* **Exercise aim**: Work through the lines below and count those holding "obtain"; reply with the number only.

* **Supplied information**:

———

(* Let $P$ be the uniform distribution on $[0,1]$, let $\beta=\{\frac14,\frac12\}$, and let $V_n$ ($n\geq2$) be the $n$th conditional quantization error of $P$ with respect to $\beta$, with $V_\infty=\lim_{n\to\infty}V_n$. Then the conditional quantization dimension \[D(P)=\lim_{n\to\infty}\frac{2\log n}{-\log(V_n-V_\infty)}\] exists and $D(P)=1$.
   Context: For a Borel probability measure $P$ on $\mathbb{R}$ and a finite set $\beta\subset\mathbb{R}$ with $\mathrm{card}(\beta)=r$, for $n\geq r$ the $n$th conditional quantization error is $V_n=\inf\{\int\min_{a\in\alpha\cup\beta}(x-a)^2\,dP(x):\alpha\subset\mathbb{R},\ \mathrm{card}(\alpha)\leq n-r\}$. *)

theory Defs
  imports "HOL-Probability.Probability"
begin

definition distortion :: "real measure \<Rightarrow> real set \<Rightarrow> real" where
  "distortion M A = (\<integral>x. Min ((\<lambda>a. (x - a)^2) ` A) \<partial>M)"

text \<open>n-th conditional quantization error of M with respect to the finite set beta
  (meaningful for n \<ge> card beta).\<close>
definition cond_quant_err :: "real measure \<Rightarrow> real set \<Rightarrow> nat \<Rightarrow> real" where
  "cond_quant_err M \<beta> n =
     Inf {distortion M (\<alpha> \<union> \<beta>) | \<alpha>. finite \<alpha> \<and> card \<alpha> \<le> n - card \<beta>}"

end

theory Submission
  imports Defs "HOL-Real_Asymp.Real_Asymp"
begin

text \<open>Any codebook of at most n points leaves at least half of [0,1] at distance at least
  1/(4n) from it, so by Markov's inequality its distortion is at least 1/(32 n^2). Conversely,
  adding to beta the midpoints of the n - card beta equal subintervals of [0,1] gives distortion
  at most 1/(4 (n - card beta)^2). Hence V n has exact order n^-2 for every nonempty finite beta,
  so V tends to 0 and 2 ln n / (- ln (V n)) tends to 1.\<close>

abbreviation uniform01 :: "real measure" where
  "uniform01 \<equiv> uniform_measure lborel {0..1}"

abbreviation sq_dist_to :: "real set \<Rightarrow> real \<Rightarrow> real" where
  "sq_dist_to A x \<equiv> Min ((\<lambda>a. (x - a)^2) ` A)"

lemma sq_dist_to_nonneg: "finite A \<Longrightarrow> A \<noteq> {} \<Longrightarrow> 0 \<le> sq_dist_to A x"
  by (simp add: Min_ge_iff)

lemma sq_dist_to_le: "finite A \<Longrightarrow> a \<in> A \<Longrightarrow> sq_dist_to A x \<le> (x - a)^2"
  by (intro Min_le) auto

lemma sq_dist_to_less_iff:
  assumes "finite A" "A \<noteq> {}" "0 < r"
  shows "sq_dist_to A x < r^2 \<longleftrightarrow> (\<exists>a\<in>A. \<bar>x - a\<bar> < r)"
proof -
  have "(x - a)^2 < r^2 \<longleftrightarrow> \<bar>x - a\<bar> < r" for a
    using \<open>0 < r\<close> abs_le_square_iff[of r "x - a"] by auto
  then show ?thesis using assms by (simp add: Min_less_iff)
qed

lemma distortion_nonneg: "finite A \<Longrightarrow> A \<noteq> {} \<Longrightarrow> 0 \<le> distortion M A"
  unfolding distortion_def by (intro integral_nonneg_AE AE_I2 sq_dist_to_nonneg)

lemma cond_quant_err_le_distortion:
  assumes "finite \<beta>" "\<beta> \<noteq> {}" "finite \<alpha>" "card \<alpha> \<le> n - card \<beta>"
  shows "cond_quant_err M \<beta> n \<le> distortion M (\<alpha> \<union> \<beta>)"
  unfolding cond_quant_err_def
proof (rule cInf_lower)
  show "bdd_below {distortion M (\<alpha> \<union> \<beta>) |\<alpha>. finite \<alpha> \<and> card \<alpha> \<le> n - card \<beta>}"
    using assms by (intro bdd_belowI[of _ 0]) (auto intro: distortion_nonneg)
qed (use assms in blast)

lemma le_cond_quant_err:
  assumes "\<And>\<alpha>. finite \<alpha> \<Longrightarrow> card \<alpha> \<le> n - card \<beta> \<Longrightarrow> c \<le> distortion M (\<alpha> \<union> \<beta>)"
  shows "c \<le> cond_quant_err M \<beta> n"
  unfolding cond_quant_err_def
  by (rule cInf_greatest) (use assms in \<open>auto intro: exI[of _ "{}"]\<close>)

lemma prob_space_uniform01: "prob_space uniform01"
  by (rule prob_space_uniform_measure) auto

lemma integrable_sq_dist_to_uniform01:
  assumes "finite A" "A \<noteq> {}"
  shows "integrable uniform01 (\<lambda>x. sq_dist_to A x)"
proof -
  interpret prob_space uniform01 by (rule prob_space_uniform01)
  obtain a where a: "a \<in> A" using assms by blast
  show ?thesis
  proof (rule Bochner_Integration.integrable_bound[OF integrable_const[of "(1 + \<bar>a\<bar>)^2"]])
    show "(\<lambda>x. sq_dist_to A x) \<in> borel_measurable uniform01"
      using assms by measurable
    have "sq_dist_to A x \<le> (1 + \<bar>a\<bar>)^2" if "x \<in> {0..1}" for x
    proof -
      have "sq_dist_to A x \<le> (x - a)^2" using assms(1) a by (rule sq_dist_to_le)
      also have "\<dots> \<le> (1 + \<bar>a\<bar>)^2"
        using that by (auto simp flip: abs_le_square_iff)
      finally show ?thesis .
    qed
    then show "AE x in uniform01. norm (sq_dist_to A x) \<le> norm ((1 + \<bar>a\<bar>)^2 :: real)"
      using assms by (subst AE_uniform_measure) (auto intro!: AE_I2 simp: sq_dist_to_nonneg)
  qed
qed

lemma measure_uniform01_interval_le:
  assumes "0 < r"
  shows "measure uniform01 {a - r<..<a + r} \<le> 2 * r"
proof -
  have "measure uniform01 {a - r<..<a + r} = measure lborel ({0..1} \<inter> {a - r<..<a + r})"
    by (subst measure_uniform_measure) auto
  also have "\<dots> \<le> measure lborel {a - r<..<a + r}"
    using fmeasurable_box[of "a - r" "a + r"] unfolding box_real
    by (intro measure_mono_fmeasurable) auto
  finally show ?thesis using assms by simp
qed

lemma distortion_uniform01_ge:
  assumes "finite A" "A \<noteq> {}" "card A \<le> n"
  shows "1 / (32 * real n ^ 2) \<le> distortion uniform01 A"
proof -
  interpret prob_space uniform01 by (rule prob_space_uniform01)
  define r where "r = 1 / (4 * real n)"
  have "0 < n" using assms card_gt_0_iff by fastforce
  then have r: "0 < r" by (simp add: r_def)
  define far where "far = {x \<in> space uniform01. r^2 \<le> sq_dist_to A x}"
  have far_sets: "far \<in> sets uniform01"
    unfolding far_def using assms by measurable
  have "space uniform01 - far \<subseteq> (\<Union>a\<in>A. {a - r<..<a + r})"
  proof
    fix x assume "x \<in> space uniform01 - far"
    then obtain a where "a \<in> A" "\<bar>x - a\<bar> < r"
      using sq_dist_to_less_iff[OF assms(1,2) r] by (auto simp: far_def not_le)
    then show "x \<in> (\<Union>a\<in>A. {a - r<..<a + r})"
      by (auto simp: abs_less_iff intro!: bexI[of _ a])
  qed
  then have "measure uniform01 (space uniform01 - far)
      \<le> measure uniform01 (\<Union>a\<in>A. {a - r<..<a + r})"
    using assms by (intro finite_measure_mono) auto
  also have "\<dots> \<le> (\<Sum>a\<in>A. measure uniform01 {a - r<..<a + r})"
    using assms by (intro finite_measure_subadditive_finite) auto
  also have "\<dots> \<le> card A * (2 * r)"
    using sum_mono[of A _ "\<lambda>_. 2 * r"] measure_uniform01_interval_le[OF r] by simp
  also have "\<dots> \<le> 1 / 2"
    using assms \<open>0 < n\<close> r by (simp add: r_def field_simps)
  finally have "1 / 2 \<le> measure uniform01 far"
    using prob_compl[OF far_sets] by simp
  also have "\<dots> \<le> distortion uniform01 A / r^2"
    unfolding far_def distortion_def using assms r
    by (intro integral_Markov_inequality_measure[where A = "{}"])
       (auto simp: integrable_sq_dist_to_uniform01 sq_dist_to_nonneg)
  finally show ?thesis using r by (simp add: r_def field_simps power2_eq_square)
qed

definition midpoint_grid :: "nat \<Rightarrow> real set" where
  "midpoint_grid m = (\<lambda>k. (2 * real k + 1) / (2 * real m)) ` {..<m}"

lemma finite_midpoint_grid: "finite (midpoint_grid m)"
  by (simp add: midpoint_grid_def)

lemma card_midpoint_grid_le: "card (midpoint_grid m) \<le> m"
  unfolding midpoint_grid_def using card_image_le[of "{..<m}"] by simp

lemma midpoint_grid_near:
  assumes "0 < m" "x \<in> {0..1}"
  shows "\<exists>g\<in>midpoint_grid m. \<bar>x - g\<bar> \<le> 1 / (2 * real m)"
proof -
  define k where "k = min (nat \<lfloor>x * m\<rfloor>) (m - 1)"
  have xm: "0 \<le> x * m" "x * m \<le> m"
    using assms by (auto simp: mult_left_le_one_le)
  have "k < m" using assms by (simp add: k_def)
  have "real k \<le> x * m" "x * m \<le> real k + 1"
    using xm assms unfolding k_def by (auto simp: min_def of_nat_diff) linarith+
  then have "\<bar>2 * (x * m) - 2 * real k - 1\<bar> \<le> 1" by simp
  then have "\<bar>x - (2 * real k + 1) / (2 * real m)\<bar> \<le> 1 / (2 * real m)"
    using assms by (simp add: field_simps abs_div flip: abs_of_pos)
  then show ?thesis using \<open>k < m\<close> by (auto simp: midpoint_grid_def)
qed

lemma distortion_uniform01_le:
  assumes "finite A" "midpoint_grid m \<subseteq> A" "0 < m"
  shows "distortion uniform01 A \<le> 1 / (4 * real m ^ 2)"
proof -
  interpret prob_space uniform01 by (rule prob_space_uniform01)
  have "A \<noteq> {}" using assms by (auto simp: midpoint_grid_def)
  have "sq_dist_to A x \<le> 1 / (4 * real m ^ 2)" if x: "x \<in> {0..1}" for x
  proof -
    obtain g where "g \<in> A" "\<bar>x - g\<bar> \<le> 1 / (2 * real m)"
      using midpoint_grid_near[OF assms(3) x] assms(2) by blast
    then have "sq_dist_to A x \<le> \<bar>x - g\<bar>^2" using assms(1) by (simp add: sq_dist_to_le)
    also have "\<dots> \<le> (1 / (2 * real m))^2"
      by (intro power_mono) (use \<open>\<bar>x - g\<bar> \<le> _\<close> in auto)
    finally show ?thesis by (simp add: power2_eq_square)
  qed
  then have "distortion uniform01 A \<le> (\<integral>x. 1 / (4 * real m ^ 2) \<partial>uniform01)"
    unfolding distortion_def using assms(1) \<open>A \<noteq> {}\<close>
    by (intro integral_mono_AE integrable_sq_dist_to_uniform01)
       (auto simp: AE_uniform_measure intro!: AE_I2)
  then show ?thesis by simp
qed

lemma cond_quant_err_uniform01_ge:
  assumes "finite \<beta>" "\<beta> \<noteq> {}" "card \<beta> \<le> n"
  shows "1 / (32 * real n ^ 2) \<le> cond_quant_err uniform01 \<beta> n"
proof (rule le_cond_quant_err)
  fix \<alpha> :: "real set" assume "finite \<alpha>" "card \<alpha> \<le> n - card \<beta>"
  moreover have "card (\<alpha> \<union> \<beta>) \<le> card \<alpha> + card \<beta>" by (rule card_Un_le)
  ultimately show "1 / (32 * real n ^ 2) \<le> distortion uniform01 (\<alpha> \<union> \<beta>)"
    using assms by (intro distortion_uniform01_ge) auto
qed

lemma cond_quant_err_uniform01_le:
  assumes "finite \<beta>" "\<beta> \<noteq> {}" "card \<beta> < n"
  shows "cond_quant_err uniform01 \<beta> n \<le> 1 / (4 * (real n - card \<beta>)^2)"
proof -
  have "cond_quant_err uniform01 \<beta> n \<le> distortion uniform01 (midpoint_grid (n - card \<beta>) \<union> \<beta>)"
    using assms by (intro cond_quant_err_le_distortion finite_midpoint_grid card_midpoint_grid_le)
  also have "\<dots> \<le> 1 / (4 * real (n - card \<beta>) ^ 2)"
    using assms by (intro distortion_uniform01_le) (auto simp: finite_midpoint_grid)
  finally show ?thesis using assms by (simp add: of_nat_diff)
qed

lemma tendsto_log_ratio_of_inverse_square_bounds:
  fixes V :: "nat \<Rightarrow> real"
  assumes "0 < a" "0 < b"
    and lower: "eventually (\<lambda>n. a / real n ^ 2 \<le> V n) sequentially"
    and upper: "eventually (\<lambda>n. V n \<le> b / real n ^ 2) sequentially"
  shows "V \<longlonglongrightarrow> 0" and "(\<lambda>n. 2 * ln (real n) / (- ln (V n))) \<longlonglongrightarrow> 1"
proof -
  show "V \<longlonglongrightarrow> 0"
    by (rule tendsto_sandwich[OF lower upper]) real_asymp+
  have pos: "eventually (\<lambda>n. 0 < 2 * ln (real n) - ln b) sequentially" by real_asymp
  have "eventually (\<lambda>n. 0 < n) sequentially" by real_asymp
  with lower upper pos
  have "eventually (\<lambda>n.
      2 * ln (real n) / (2 * ln (real n) - ln a) \<le> 2 * ln (real n) / (- ln (V n)) \<and>
      2 * ln (real n) / (- ln (V n)) \<le> 2 * ln (real n) / (2 * ln (real n) - ln b)) sequentially"
  proof eventually_elim
    case (elim n)
    have "0 < a / real n ^ 2" using elim \<open>0 < a\<close> by simp
    then have "0 < V n" using elim by linarith
    have "ln (a / real n ^ 2) \<le> ln (V n)" "ln (V n) \<le> ln (b / real n ^ 2)"
      using elim \<open>0 < V n\<close> assms(1,2) by (subst ln_le_cancel_iff; simp)+
    then have "2 * ln (real n) - ln b \<le> - ln (V n)" "- ln (V n) \<le> 2 * ln (real n) - ln a"
      using elim assms(1,2) by (simp_all add: ln_div ln_realpow)
    moreover have "0 \<le> 2 * ln (real n)" using elim by simp
    ultimately show ?case using elim by (intro conjI frac_le; linarith)
  qed
  then have lower_ratio: "eventually (\<lambda>n.
      2 * ln (real n) / (2 * ln (real n) - ln a) \<le> 2 * ln (real n) / (- ln (V n))) sequentially"
    and upper_ratio: "eventually (\<lambda>n.
      2 * ln (real n) / (- ln (V n)) \<le> 2 * ln (real n) / (2 * ln (real n) - ln b)) sequentially"
    by (auto elim: eventually_mono)
  have shifted: "(\<lambda>n. 2 * ln (real n) / (2 * ln (real n) - c)) \<longlonglongrightarrow> 1" for c :: real
    by real_asymp
  show "(\<lambda>n. 2 * ln (real n) / (- ln (V n))) \<longlonglongrightarrow> 1"
    using lower_ratio upper_ratio shifted shifted by (rule tendsto_sandwich)
qed

theorem cond_quant_dimension_uniform01:
  fixes \<beta> :: "real set"
  assumes "finite \<beta>" "\<beta> \<noteq> {}"
  shows "cond_quant_err uniform01 \<beta> \<longlonglongrightarrow> 0"
    and "(\<lambda>n. 2 * ln (real n) / (- ln (cond_quant_err uniform01 \<beta> n))) \<longlonglongrightarrow> 1"
proof -
  let ?k = "real (card \<beta>)"
  have "eventually (\<lambda>n. (1 / 32) / real n ^ 2 \<le> cond_quant_err uniform01 \<beta> n) sequentially"
    using eventually_ge_at_top[of "card \<beta>"]
    by eventually_elim (use cond_quant_err_uniform01_ge[OF assms] in simp)
  moreover have "eventually (\<lambda>n. cond_quant_err uniform01 \<beta> n \<le> 1 / real n ^ 2) sequentially"
    using eventually_ge_at_top[of "2 * card \<beta> + 1"]
  proof eventually_elim
    case (elim n)
    have "2 * ?k + 1 \<le> real n" using elim by linarith
    then have "real n * real n \<le> (2 * (real n - ?k)) * (2 * (real n - ?k))"
      by (auto intro!: mult_mono)
    then have "real n ^ 2 \<le> 4 * (real n - ?k)^2"
      by (simp add: power2_eq_square algebra_simps)
    with elim have "1 / (4 * (real n - ?k)^2) \<le> 1 / real n ^ 2"
      by (auto intro!: divide_left_mono)
    moreover have "cond_quant_err uniform01 \<beta> n \<le> 1 / (4 * (real n - ?k)^2)"
      using elim by (intro cond_quant_err_uniform01_le[OF assms]) auto
    ultimately show ?case by linarith
  qed
  ultimately show "cond_quant_err uniform01 \<beta> \<longlonglongrightarrow> 0"
    and "(\<lambda>n. 2 * ln (real n) / (- ln (cond_quant_err uniform01 \<beta> n))) \<longlonglongrightarrow> 1"
    using tendsto_log_ratio_of_inverse_square_bounds[of "1 / 32" 1] by auto
qed

theorem theorem3p11:
  fixes V :: "nat \<Rightarrow> real" and Vinf :: real
  defines "V \<equiv> cond_quant_err (uniform_measure lborel {0..1}) {1/4, 1/2}"
    and "Vinf \<equiv> lim V"
  shows "convergent V \<and>
         ((\<lambda>n. 2 * ln (real n) / (- ln (V n - Vinf))) \<longlongrightarrow> 1) sequentially"
proof -
  have "finite {1/4, 1/2 :: real}" "{1/4, 1/2 :: real} \<noteq> {}" by auto
  note dimension = cond_quant_dimension_uniform01[OF this, folded V_def]
  then have "Vinf = 0" unfolding Vinf_def by (intro limI)
  with dimension show ?thesis by (auto simp: convergent_def)
qed

end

———

* **Problem solution**: 3